__Task directions__
Examine each line of the data. Copy the line if it includes the word "shift".

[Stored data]

+ + +

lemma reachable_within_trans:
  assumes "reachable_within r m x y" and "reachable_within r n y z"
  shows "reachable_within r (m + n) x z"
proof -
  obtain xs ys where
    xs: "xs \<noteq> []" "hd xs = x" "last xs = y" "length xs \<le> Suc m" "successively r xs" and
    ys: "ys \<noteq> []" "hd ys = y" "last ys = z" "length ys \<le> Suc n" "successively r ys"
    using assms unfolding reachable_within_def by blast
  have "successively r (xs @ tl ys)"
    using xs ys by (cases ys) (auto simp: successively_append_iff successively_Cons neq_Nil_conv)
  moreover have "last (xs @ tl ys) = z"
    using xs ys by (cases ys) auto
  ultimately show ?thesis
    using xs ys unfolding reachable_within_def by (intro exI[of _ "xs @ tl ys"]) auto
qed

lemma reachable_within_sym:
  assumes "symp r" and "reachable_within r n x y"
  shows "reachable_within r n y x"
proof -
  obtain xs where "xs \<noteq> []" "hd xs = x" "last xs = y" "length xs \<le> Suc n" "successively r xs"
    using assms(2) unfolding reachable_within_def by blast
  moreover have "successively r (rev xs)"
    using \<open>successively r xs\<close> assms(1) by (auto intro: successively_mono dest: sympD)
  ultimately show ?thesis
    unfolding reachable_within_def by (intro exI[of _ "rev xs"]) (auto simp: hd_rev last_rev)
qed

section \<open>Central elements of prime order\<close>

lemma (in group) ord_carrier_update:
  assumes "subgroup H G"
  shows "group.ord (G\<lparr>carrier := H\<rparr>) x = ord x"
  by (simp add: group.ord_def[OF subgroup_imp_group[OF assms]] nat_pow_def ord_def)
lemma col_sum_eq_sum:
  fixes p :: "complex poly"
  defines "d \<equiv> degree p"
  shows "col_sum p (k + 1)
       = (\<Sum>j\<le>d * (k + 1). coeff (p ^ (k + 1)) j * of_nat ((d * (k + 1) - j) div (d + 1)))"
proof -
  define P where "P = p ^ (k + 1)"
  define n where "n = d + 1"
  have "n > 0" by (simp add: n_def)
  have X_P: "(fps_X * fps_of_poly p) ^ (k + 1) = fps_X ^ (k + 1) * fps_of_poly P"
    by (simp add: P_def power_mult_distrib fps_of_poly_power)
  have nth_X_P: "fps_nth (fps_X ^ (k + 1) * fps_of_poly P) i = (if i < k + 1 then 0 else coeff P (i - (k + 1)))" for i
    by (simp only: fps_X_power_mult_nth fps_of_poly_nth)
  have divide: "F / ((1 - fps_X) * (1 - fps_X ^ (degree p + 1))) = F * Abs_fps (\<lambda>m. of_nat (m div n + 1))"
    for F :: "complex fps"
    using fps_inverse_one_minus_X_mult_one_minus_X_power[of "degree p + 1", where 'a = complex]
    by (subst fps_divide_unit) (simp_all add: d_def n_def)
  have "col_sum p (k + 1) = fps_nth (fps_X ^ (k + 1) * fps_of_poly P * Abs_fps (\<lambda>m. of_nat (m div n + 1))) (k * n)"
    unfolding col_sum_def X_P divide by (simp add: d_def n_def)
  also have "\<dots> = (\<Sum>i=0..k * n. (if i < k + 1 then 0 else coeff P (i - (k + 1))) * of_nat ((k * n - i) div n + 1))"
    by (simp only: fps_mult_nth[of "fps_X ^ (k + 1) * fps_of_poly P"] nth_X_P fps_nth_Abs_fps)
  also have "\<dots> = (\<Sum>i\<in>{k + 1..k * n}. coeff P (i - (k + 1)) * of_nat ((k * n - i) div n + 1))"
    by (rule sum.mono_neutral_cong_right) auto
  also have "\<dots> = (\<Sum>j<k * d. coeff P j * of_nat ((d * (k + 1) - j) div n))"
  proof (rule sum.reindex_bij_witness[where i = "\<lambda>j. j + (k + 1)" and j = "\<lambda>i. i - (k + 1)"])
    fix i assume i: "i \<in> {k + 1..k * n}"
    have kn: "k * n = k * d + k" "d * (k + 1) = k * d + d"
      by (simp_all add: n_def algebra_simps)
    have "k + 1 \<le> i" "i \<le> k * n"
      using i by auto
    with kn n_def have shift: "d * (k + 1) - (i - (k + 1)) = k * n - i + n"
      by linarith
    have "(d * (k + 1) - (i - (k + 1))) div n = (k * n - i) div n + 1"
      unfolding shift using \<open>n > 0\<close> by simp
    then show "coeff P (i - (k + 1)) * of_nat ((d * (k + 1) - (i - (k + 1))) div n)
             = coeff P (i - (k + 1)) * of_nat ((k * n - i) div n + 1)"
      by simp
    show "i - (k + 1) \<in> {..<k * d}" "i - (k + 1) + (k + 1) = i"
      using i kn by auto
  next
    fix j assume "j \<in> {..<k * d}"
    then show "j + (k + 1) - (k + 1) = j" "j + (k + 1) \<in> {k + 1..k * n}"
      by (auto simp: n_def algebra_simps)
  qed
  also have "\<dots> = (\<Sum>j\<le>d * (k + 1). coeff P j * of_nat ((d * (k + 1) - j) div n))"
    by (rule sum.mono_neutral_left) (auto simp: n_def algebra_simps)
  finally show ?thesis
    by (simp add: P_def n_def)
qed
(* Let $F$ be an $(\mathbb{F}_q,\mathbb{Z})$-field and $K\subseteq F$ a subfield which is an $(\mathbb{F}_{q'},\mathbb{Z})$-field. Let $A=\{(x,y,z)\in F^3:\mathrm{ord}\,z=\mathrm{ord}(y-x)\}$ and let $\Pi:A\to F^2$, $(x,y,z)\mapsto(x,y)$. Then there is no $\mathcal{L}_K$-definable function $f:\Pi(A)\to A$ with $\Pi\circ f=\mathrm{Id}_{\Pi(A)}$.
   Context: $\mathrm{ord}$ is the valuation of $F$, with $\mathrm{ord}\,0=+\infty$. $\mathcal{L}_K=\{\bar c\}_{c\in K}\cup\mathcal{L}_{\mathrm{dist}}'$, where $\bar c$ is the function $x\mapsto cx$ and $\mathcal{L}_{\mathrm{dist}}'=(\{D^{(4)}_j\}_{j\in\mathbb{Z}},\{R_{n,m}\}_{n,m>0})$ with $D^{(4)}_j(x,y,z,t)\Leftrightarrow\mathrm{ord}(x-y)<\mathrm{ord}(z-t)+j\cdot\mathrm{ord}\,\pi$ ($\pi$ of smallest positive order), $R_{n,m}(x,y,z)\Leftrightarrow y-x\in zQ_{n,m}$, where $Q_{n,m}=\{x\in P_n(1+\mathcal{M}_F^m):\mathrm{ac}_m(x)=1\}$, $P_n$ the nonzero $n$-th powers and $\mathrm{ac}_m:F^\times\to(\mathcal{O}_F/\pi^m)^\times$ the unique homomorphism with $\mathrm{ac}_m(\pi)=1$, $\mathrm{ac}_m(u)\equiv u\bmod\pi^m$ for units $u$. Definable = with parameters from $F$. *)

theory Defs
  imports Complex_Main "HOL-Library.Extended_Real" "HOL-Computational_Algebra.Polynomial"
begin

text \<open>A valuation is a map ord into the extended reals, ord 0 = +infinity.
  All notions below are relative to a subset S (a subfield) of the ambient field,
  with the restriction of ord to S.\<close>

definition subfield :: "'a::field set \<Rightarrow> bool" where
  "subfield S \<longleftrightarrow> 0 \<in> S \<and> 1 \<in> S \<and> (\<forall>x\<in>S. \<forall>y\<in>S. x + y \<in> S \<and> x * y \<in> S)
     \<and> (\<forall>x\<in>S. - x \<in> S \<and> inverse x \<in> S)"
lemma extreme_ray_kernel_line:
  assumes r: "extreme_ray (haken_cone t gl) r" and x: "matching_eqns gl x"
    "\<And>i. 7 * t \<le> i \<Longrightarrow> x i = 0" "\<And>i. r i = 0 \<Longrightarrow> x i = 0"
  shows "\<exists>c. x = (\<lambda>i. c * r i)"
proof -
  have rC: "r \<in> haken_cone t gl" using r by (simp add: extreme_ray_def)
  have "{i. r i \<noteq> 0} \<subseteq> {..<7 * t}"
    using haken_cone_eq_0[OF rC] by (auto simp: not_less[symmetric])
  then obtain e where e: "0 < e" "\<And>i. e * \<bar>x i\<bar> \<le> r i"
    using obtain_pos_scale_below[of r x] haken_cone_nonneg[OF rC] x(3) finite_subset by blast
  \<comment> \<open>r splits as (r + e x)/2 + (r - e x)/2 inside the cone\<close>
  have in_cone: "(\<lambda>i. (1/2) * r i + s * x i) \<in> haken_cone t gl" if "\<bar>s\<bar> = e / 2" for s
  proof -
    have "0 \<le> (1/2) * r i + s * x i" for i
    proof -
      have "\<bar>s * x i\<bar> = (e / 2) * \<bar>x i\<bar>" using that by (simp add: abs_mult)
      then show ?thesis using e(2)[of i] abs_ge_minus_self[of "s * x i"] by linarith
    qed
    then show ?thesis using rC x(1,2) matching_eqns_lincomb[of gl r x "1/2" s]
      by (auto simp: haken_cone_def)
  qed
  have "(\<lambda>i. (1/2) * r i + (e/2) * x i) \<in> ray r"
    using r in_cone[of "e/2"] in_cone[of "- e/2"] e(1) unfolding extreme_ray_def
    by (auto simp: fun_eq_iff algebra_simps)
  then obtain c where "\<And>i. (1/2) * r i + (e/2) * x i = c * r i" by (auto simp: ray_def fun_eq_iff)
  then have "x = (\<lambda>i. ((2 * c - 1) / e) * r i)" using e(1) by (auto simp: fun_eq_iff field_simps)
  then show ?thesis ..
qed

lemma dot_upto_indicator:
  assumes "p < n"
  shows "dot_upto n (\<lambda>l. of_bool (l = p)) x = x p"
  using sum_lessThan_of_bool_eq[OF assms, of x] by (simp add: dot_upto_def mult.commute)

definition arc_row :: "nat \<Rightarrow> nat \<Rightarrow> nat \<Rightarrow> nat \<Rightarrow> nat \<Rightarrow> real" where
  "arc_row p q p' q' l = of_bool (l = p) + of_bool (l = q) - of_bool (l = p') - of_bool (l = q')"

+ + +

__Response__
    with kn n_def have shift: "d * (k + 1) - (i - (k + 1)) = k * n - i + n"
      unfolding shift using \<open>n > 0\<close> by simp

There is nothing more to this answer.